Через два года после этого слабое здоровье и лета взяли свое. Негодующее сердце Каразина успокоилось. Он лежит теперь в уютном уголке своего сада, где над местом вечного покоя для малоизвестного труженика родной культуры тихо шумят и качают вершинами взлелеянные им деревья. На простой плите, среди родных ему могил, вырезано:
Здесь нет оград и вычурных крестов,
Полно все величавой простотою,
И прах детей, и прах отцов
С любовью взят родной землею.
Чудесный сад шумит кругом,
Вещая непрерывность жизни,
И смерть является лишь сном
Средь дорогой для них отчизны.
Харьковский городской мировой съезд, имевший прекрасное собственное помещение, был лучшим по отношению к порученному ему делу из всех виденных мною съездов. И состав участковых судей, и проникнутое сознанием долга отношение к своему званию многих из судей почетных, и прекрасные председатели – все соединилось, чтобы создать из этого съезда не только место отправления истинного правосудия, но и своего рода школу для нравственного и правового развития местного населения. Благодаря этому в мое время заседания съезда, бывавшие по вечерам два раза в неделю, посещались публикой с неменьшим интересом, чем заседания окружного суда. Мне пришлось давать на этом съезде заключения в течение двух с половиной лет и не раз возвращаться поздно вечером домой в приподнятом настроении духа, которое вызывалось сознанием, что дорогое сердцу дело мировой юстиции идет не только успешно и целесообразно, но по большей части, на самый строгий взгляд, «без сучка и задоринки». Оставляя Харьков при переходе на службу в Петербург, я с наибольшей скорбью расставался именно с этим съездом, и до сих пор скромный письменный прибор – подарок мировых судей, поставленный на моем столике в день последних заключений, вызывает во мне теплые и ничем не омраченные воспоминания.
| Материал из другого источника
lemma two_terms_le_weighted_sum:
  assumes "finite (supp f)" "p \<noteq> q"
    and "\<And>x. x \<in> supp f \<Longrightarrow> x \<noteq> p \<Longrightarrow> x \<noteq> q \<Longrightarrow> 0 \<le> f x * h x"
  shows "f p * h p + f q * h q \<le> weighted_sum f h"
proof -
  let ?S = "supp f \<union> {p, q}"
  have "f p * h p + f q * h q = (\<Sum>x\<in>{p, q}. f x * h x)"
    using assms(2) by simp
  also have "\<dots> \<le> (\<Sum>x\<in>?S. f x * h x)"
    by (rule sum_mono2) (use assms in auto)
  also have "\<dots> = weighted_sum f h"
    by (rule weighted_sum_superset[symmetric]) (use assms(1) in auto)
  finally show ?thesis .
qed

lemma eq_if_moments_eq_off_two_points:
  assumes "finite (supp f)" "finite (supp g)"
    and "\<And>x. x \<noteq> a \<Longrightarrow> x \<noteq> b \<Longrightarrow> f x = g x"
    and "moment 0 f = moment 0 g" "moment 1 f = moment 1 g"
  shows "f = g"
proof -
  define h where "h x = f x - g x" for x
  have supp_h: "supp h \<subseteq> {a, b}"
    using assms(3) by (auto simp: supp_def h_def)
  have moment_h: "weighted_sum h (\<lambda>x. x ^ j) = (\<Sum>x\<in>{a, b}. h x * x ^ j)" for j
    by (rule weighted_sum_superset[OF _ supp_h]) simp
  have "moment j h = 0" if "j \<le> 1" for j
    using that assms(4,5) unfolding h_def
    by (auto simp: moment_eq_weighted_sum weighted_sum_diff assms(1,2) le_Suc_eq)
  then have sum_h: "(\<Sum>x\<in>{a, b}. h x * x ^ j) = 0" if "j \<le> 1" for j
    using that by (simp add: moment_eq_weighted_sum moment_h)
  have "h a = 0 \<and> h b = 0"
  proof (cases "a = b")
    case False
    then have "h a + h b = 0" "h a * a + h b * b = 0"
      using sum_h[of 0] sum_h[of 1] by simp_all
    moreover have "(a - b) * h a = (h a * a + h b * b) - b * (h a + h b)"
      by (simp add: algebra_simps)
    ultimately show ?thesis
      using False by simp
  qed (use sum_h[of 0] in simp)
  with assms(3) show ?thesis
    by (metis h_def eq_iff_diff_eq_0 ext)
qed

lemma split_le_refl [simp]: "\<mu> \<preceq>\<^sub>s \<mu>"
  by (simp add: split_le_def)

lemma split_le_trans [trans]: "\<mu> \<preceq>\<^sub>s \<mu>' \<Longrightarrow> \<mu>' \<preceq>\<^sub>s \<mu>'' \<Longrightarrow> \<mu> \<preceq>\<^sub>s \<mu>''"
  unfolding split_le_def by (rule rtranclp_trans)

lemma distribution_if_basic_split: "basic_split \<mu> \<mu>' \<Longrightarrow> distribution \<mu>'"
proof -
  assume "basic_split \<mu> \<mu>'"
  then obtain x \<nu> where "distribution \<mu>" "distribution \<nu>"
    and \<mu>': "\<mu>' = (\<lambda>y. (if y = x then 0 else \<mu> y) + \<nu> y)"
    unfolding basic_split_def by blast
  moreover have "supp \<mu>' \<subseteq> supp \<mu> \<union> supp \<nu>"
    unfolding \<mu>' supp_def by auto
  ultimately show ?thesis
    unfolding distribution_def \<mu>' by (auto intro: finite_subset add_nonneg_nonneg)
qed

lemma split_le_distribution: "\<mu> \<preceq>\<^sub>s \<mu>' \<Longrightarrow> distribution \<mu> \<Longrightarrow> distribution \<mu>'"
  unfolding split_le_def
  by (induction rule: rtranclp_induct) (auto intro: distribution_if_basic_split)

lemma point_mass_split_le:
  assumes "distribution \<nu>" "0 < m" "moment 0 \<nu> = m" "moment 1 \<nu> = m * x"
  shows "point_mass x m \<preceq>\<^sub>s \<nu>"
proof -
  have "basic_split (point_mass x m) \<nu>"
    unfolding basic_split_def
  proof (intro conjI exI)
    show "\<nu> = (\<lambda>y. (if y = x then 0 else point_mass x m y) + \<nu> y)"
      by (rule ext) (simp add: point_mass_def)
  qed (use assms distribution_point_mass[of m x] in \<open>auto simp: point_mass_def mult.commute\<close>)
  then show ?thesis
    by (simp add: split_le_def)
qed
А. Ф. Кони. Харьков. 1870 год.
В мое время председателями были Алексей Дмитриевич Чепелкин, впоследствии городской голова города Харькова, и профессор Даниил Михайлович Деларю. Первый из них, бывший откупной деятель, умел искренне «совлечь с себя ветхого Адама» и с увлечением отдаться бескорыстной и безупречной общественной деятельности, в которую вносил свой бодрый и живой темперамент; второй отличался огромным трудолюбием и, никогда не забывая, что он только primus inter pares приобрел большой авторитет между судьями. При мысли о харьковском съезде передо мною проходит ряд имен почетных судей, вызывавших в ближайших к ним современниках чувство глубокого уважения. Таков был Владимир Акимович Кочетов, бывший ректор университета, человек выдающегося душевного благородства, отдавший много времени и труда сердечным заботам о малолетних преступниках. Таковы были: ректор университета Щелков и мудрый и вместе с тем горячий земский деятель – Егор Степанович Гордеенко, известный своею непреклонной борьбою с злоупотреблениями и хищническими инстинктами поляковского железнодорожного строительства. Таков был, наконец, незабвенный доктор Франковский, во многом напоминавший собой доктора Гааза. Никого из них уже нет в живых, но я, их старый и младший по летам сослуживец, оглядывая свой пройденный свыше сорокалетний судебный путь, благодарю судьбу за встречу и общение с ними и за это готов ей искренне простить тяжелые минуты, пережитые от встреч и вынужденного общения с людьми другого сорта.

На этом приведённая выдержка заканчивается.